Charles cut him off, “Call Redman AFB, scramble the bomb wing. Get any fighter coverage we have left into the air. I want every unit on alert along the 70 corridor. Armor on the roads, infantry dug in at the overpasses. He’s a god but his army still has wheels, Captain. You see anything coming West on 70, you shoot them.” He stood up, and looked up at the stadium, now one part refugee-camp, one part military C&C hub. It looked… different, he thought. Taller, more baroque. Like an old Roman colosseum. As quickly as the thought entered his mind, it vanished.
The captain stared at him in concern. “Sir! That’s a civilian road in the middle of the country!

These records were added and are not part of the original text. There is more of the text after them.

(* In the model with two recommendation thresholds $0<R_1\le R_2<1$, suppose $F$ is symmetric ($F(-i)=1-F(i)$ for all $i$), and let $\sigma=q_H/q_L$. Then the value $V(R_1,R_2)$ of the recommendation system is (i) decreasing in $R_1$ if $\sigma<1$, and (ii) increasing in $R_2$ if $\sigma>1$.
   Context: Setting. Consumer types are $i\in[-1/2,1/2]$, distributed according to a continuous cumulative distribution function $F$ with full support on $[-1/2,1/2]$. A product has a quality vector $(Q_1,Q_2)\in\{0,1\}^2$; a type-$i$ consumer gets payoff $(1/2+i)Q_1+(1/2-i)Q_2$ from it. The versions $(1,1),(1,0),(0,1),(0,0)$ have prior probabilities $q_H,q_1,q_2,q_L$ respectively, all strictly positive and summing to $1$. One product carries a recommendation from a sender whose type is drawn from $F$ independently of the product. Given thresholds $0<R_1\le R_2<1$, the sender gives a buy recommendation $B$ if her payoff from the product is at least $R_2$, a don't-buy recommendation $D$ if it is below $R_1$, and a neutral recommendation $N$ if it lies in $[R_1,R_2)$. For $r\in\{B,N,D\}$, let $\pi^r$ be the probability of recommendation $r$ and $(p_H^r,p_1^r,p_2^r,p_L^r)$ the Bayesian posterior over $(1,1),(1,0),(0,1),(0,0)$ given $r$ (when $\pi^r>0$). Let $U_i^r=p_H^r+(1/2+i)p_1^r+(1/2-i)p_2^r$ and $U_i^0=q_H+(1/2+i)q_1+(1/2-i)q_2$ (expected payoff from an unrecommended alternative). The value of the recommendation system is $V(R_1,R_2)=\sum_{r\in\{B,N,D\}:\,\pi^r>0}\pi^r\int_{-1/2}^{1/2}\max\{U_i^r-U_i^0,0\}\,dF(i)$, the expected payoff gain of a receiver drawn from $F$ who, after each recommendation, optimally chooses between the recommended product and an alternative. *)

theory Defs
  imports "HOL-Analysis.Analysis"
begin

text \<open>A product version is a quality vector (Q1,Q2) in {0,1}^2,
  encoded as a pair of booleans. The type distribution is given by its CDF F on the reals
  (F = 0 below -1/2, F = 1 above 1/2); the corresponding probability measure is
  interval_measure F.\<close>

datatype recom = B | N | D

definition type_measure :: "(real \<Rightarrow> real) \<Rightarrow> real measure" where
  "type_measure F = interval_measure F"

definition payoff :: "real \<Rightarrow> bool \<times> bool \<Rightarrow> real" where
  "payoff i v = (1/2 + i) * of_bool (fst v) + (1/2 - i) * of_bool (snd v)"

definition prior :: "real \<Rightarrow> real \<Rightarrow> real \<Rightarrow> real \<Rightarrow> bool \<times> bool \<Rightarrow> real" where
  "prior qH q1 q2 qL v =
     (case v of (True, True) \<Rightarrow> qH | (True, False) \<Rightarrow> q1 | (False, True) \<Rightarrow> q2 | (False, False) \<Rightarrow> qL)"

definition recommend :: "real \<Rightarrow> real \<Rightarrow> real \<Rightarrow> recom" where
  "recommend R1 R2 x = (if R2 \<le> x then B else if x < R1 then D else N)"

definition rec_lik :: "(real \<Rightarrow> real) \<Rightarrow> real \<Rightarrow> real \<Rightarrow> recom \<Rightarrow> bool \<times> bool \<Rightarrow> real" where
  "rec_lik F R1 R2 r v =
     measure (type_measure F) {s \<in> {-1/2..1/2}. recommend R1 R2 (payoff s v) = r}"

definition rec_prob :: "(real \<Rightarrow> real) \<Rightarrow> real \<Rightarrow> real \<Rightarrow> real \<Rightarrow> real \<Rightarrow> real \<Rightarrow> real \<Rightarrow> recom \<Rightarrow> real" where
  "rec_prob F qH q1 q2 qL R1 R2 r = (\<Sum>v\<in>UNIV. prior qH q1 q2 qL v * rec_lik F R1 R2 r v)"

definition posterior :: "(real \<Rightarrow> real) \<Rightarrow> real \<Rightarrow> real \<Rightarrow> real \<Rightarrow> real \<Rightarrow> real \<Rightarrow> real \<Rightarrow> recom \<Rightarrow> bool \<times> bool \<Rightarrow> real" where
  "posterior F qH q1 q2 qL R1 R2 r v =
     prior qH q1 q2 qL v * rec_lik F R1 R2 r v / rec_prob F qH q1 q2 qL R1 R2 r"

definition U_rec :: "(real \<Rightarrow> real) \<Rightarrow> real \<Rightarrow> real \<Rightarrow> real \<Rightarrow> real \<Rightarrow> real \<Rightarrow> real \<Rightarrow> recom \<Rightarrow> real \<Rightarrow> real" where
  "U_rec F qH q1 q2 qL R1 R2 r i =
     posterior F qH q1 q2 qL R1 R2 r (True, True)
     + (1/2 + i) * posterior F qH q1 q2 qL R1 R2 r (True, False)
     + (1/2 - i) * posterior F qH q1 q2 qL R1 R2 r (False, True)"

definition U0 :: "real \<Rightarrow> real \<Rightarrow> real \<Rightarrow> real \<Rightarrow> real" where
  "U0 qH q1 q2 i = qH + (1/2 + i) * q1 + (1/2 - i) * q2"

definition value_rec :: "(real \<Rightarrow> real) \<Rightarrow> real \<Rightarrow> real \<Rightarrow> real \<Rightarrow> real \<Rightarrow> real \<Rightarrow> real \<Rightarrow> real" where
  "value_rec F qH q1 q2 qL R1 R2 =
     (\<Sum>r\<in>{B, N, D}.
        if rec_prob F qH q1 q2 qL R1 R2 r > 0 then
          rec_prob F qH q1 q2 qL R1 R2 r *
          (LINT i:{-1/2..1/2}|type_measure F.
              max (U_rec F qH q1 q2 qL R1 R2 r i - U0 qH q1 q2 i) 0)
        else 0)"

end

theory Submission
  imports Defs "HOL-Probability.Distribution_Functions"
begin

text \<open>By symmetry of \<open>F\<close> the two single-quality versions (1,0) and (0,1) receive each
  recommendation with the same likelihood: \<open>B\<close> with \<open>1 - F(R\<^sub>2 - 1/2)\<close>,
  \<open>N\<close> with \<open>F(R\<^sub>2 - 1/2) - F(R\<^sub>1 - 1/2)\<close> and \<open>D\<close> with \<open>F(R\<^sub>1 - 1/2)\<close>.
  Hence every receiver buys after \<open>B\<close>, nobody buys after \<open>D\<close>, and after \<open>N\<close> the
  weighted gain of type \<open>i\<close> is proportional to
  \<open>h(i) = (q\<^sub>H + q\<^sub>L) w(i) - (q\<^sub>1 + q\<^sub>2) q\<^sub>H\<close>,
  where \<open>w(i) = (1/2 + i) q\<^sub>1 + (1/2 - i) q\<^sub>2\<close>. Adding up the three terms gives
  \<open>V(R\<^sub>1, R\<^sub>2) = E[q\<^sub>L (q\<^sub>H + w)] + F(R\<^sub>2 - 1/2) E[h\<^sup>-] - F(R\<^sub>1 - 1/2) E[h\<^sup>+]\<close>.
  Since \<open>h\<close> is affine with \<open>h(0) = (q\<^sub>1 + q\<^sub>2)(q\<^sub>L - q\<^sub>H)/2\<close>, \<open>E[h\<^sup>+] > 0\<close>
  when \<open>\<sigma> < 1\<close> and \<open>E[h\<^sup>-] > 0\<close> when \<open>\<sigma> > 1\<close>, while \<open>F\<close> is strictly
  increasing on the type space.\<close>

definition mixed_payoff :: "real \<Rightarrow> real \<Rightarrow> real \<Rightarrow> real" where
  "mixed_payoff q1 q2 i = (1/2 + i) * q1 + (1/2 - i) * q2"

text \<open>\<open>\<pi>\<^sup>N (U\<^sub>i\<^sup>N - U\<^sub>i\<^sup>0)\<close> per unit of the likelihood of \<open>N\<close> for a single-quality version.\<close>
definition neutral_gain :: "real \<Rightarrow> real \<Rightarrow> real \<Rightarrow> real \<Rightarrow> real \<Rightarrow> real" where
  "neutral_gain qH q1 q2 qL i = (qH + qL) * mixed_payoff q1 q2 i - (q1 + q2) * qH"

definition mixed_lik :: "(real \<Rightarrow> real) \<Rightarrow> real \<Rightarrow> real \<Rightarrow> recom \<Rightarrow> real" where
  "mixed_lik F R1 R2 r =
     (case r of B \<Rightarrow> 1 - F (R2 - 1/2) | N \<Rightarrow> F (R2 - 1/2) - F (R1 - 1/2) | D \<Rightarrow> F (R1 - 1/2))"

text \<open>\<open>\<pi>\<^sup>r (U\<^sub>i\<^sup>r - U\<^sub>i\<^sup>0)\<close> with the division by \<open>\<pi>\<^sup>r\<close> cleared, so that it is \<open>0\<close> rather than junk
  when \<open>\<pi>\<^sup>r = 0\<close>.\<close>
definition rec_gain ::
    "(real \<Rightarrow> real) \<Rightarrow> real \<Rightarrow> real \<Rightarrow> real \<Rightarrow> real \<Rightarrow> real \<Rightarrow> real \<Rightarrow> recom \<Rightarrow> real \<Rightarrow> real" where
  "rec_gain F qH q1 q2 qL R1 R2 r i =
     qH * of_bool (r = B) + mixed_lik F R1 R2 r * mixed_payoff q1 q2 i
     - rec_prob F qH q1 q2 qL R1 R2 r * (qH + mixed_payoff q1 q2 i)"

lemma UNIV_bool_pair: "(UNIV :: (bool \<times> bool) set) = {(True, True), (True, False), (False, True), (False, False)}"
  by auto

lemma U0_eq_mixed_payoff: "U0 qH q1 q2 i = qH + mixed_payoff q1 q2 i"
  by (simp add: U0_def mixed_payoff_def)

lemma continuous_on_mixed_payoff [continuous_intros]:
  "continuous_on S (\<lambda>i. mixed_payoff q1 q2 i)"
  unfolding mixed_payoff_def by (intro continuous_intros)

lemma continuous_on_neutral_gain [continuous_intros]:
  "continuous_on S (\<lambda>i. neutral_gain qH q1 q2 qL i)"
  unfolding neutral_gain_def by (intro continuous_intros)

lemma continuous_on_rec_gain [continuous_intros]:
  "continuous_on S (\<lambda>i. rec_gain F qH q1 q2 qL R1 R2 r i)"
  unfolding rec_gain_def by (intro continuous_intros)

Three days ago you talked about a holy war. Two days ago you ordered a massacre of these aliens. Now you’re talking about shooting our citizens. We can’t do that, Colonel.”
The colonel shook his head. “No, captain, they’re his citizens now, and they just shot first. We defend ourselves, and this city, or we die. Maybe the whole world dies. He’s coming this way and I don’t know what he wants, but death means nothing to him and he intends to use my kids to get his way. He’ll kill the rest of us regardless. Do you trust that jumped up jungle cat, after what his men did to yours two nights ago?”
The captain considered. “No sir, I don’t. But how can we fight him? He just blew away satellites, sir. From a standing start on the ground.”
The Colonel finished his thought, striding towards the communications building. “We can stick in his throat, Captain. We can make him work for it. Get me NMO on the phone.”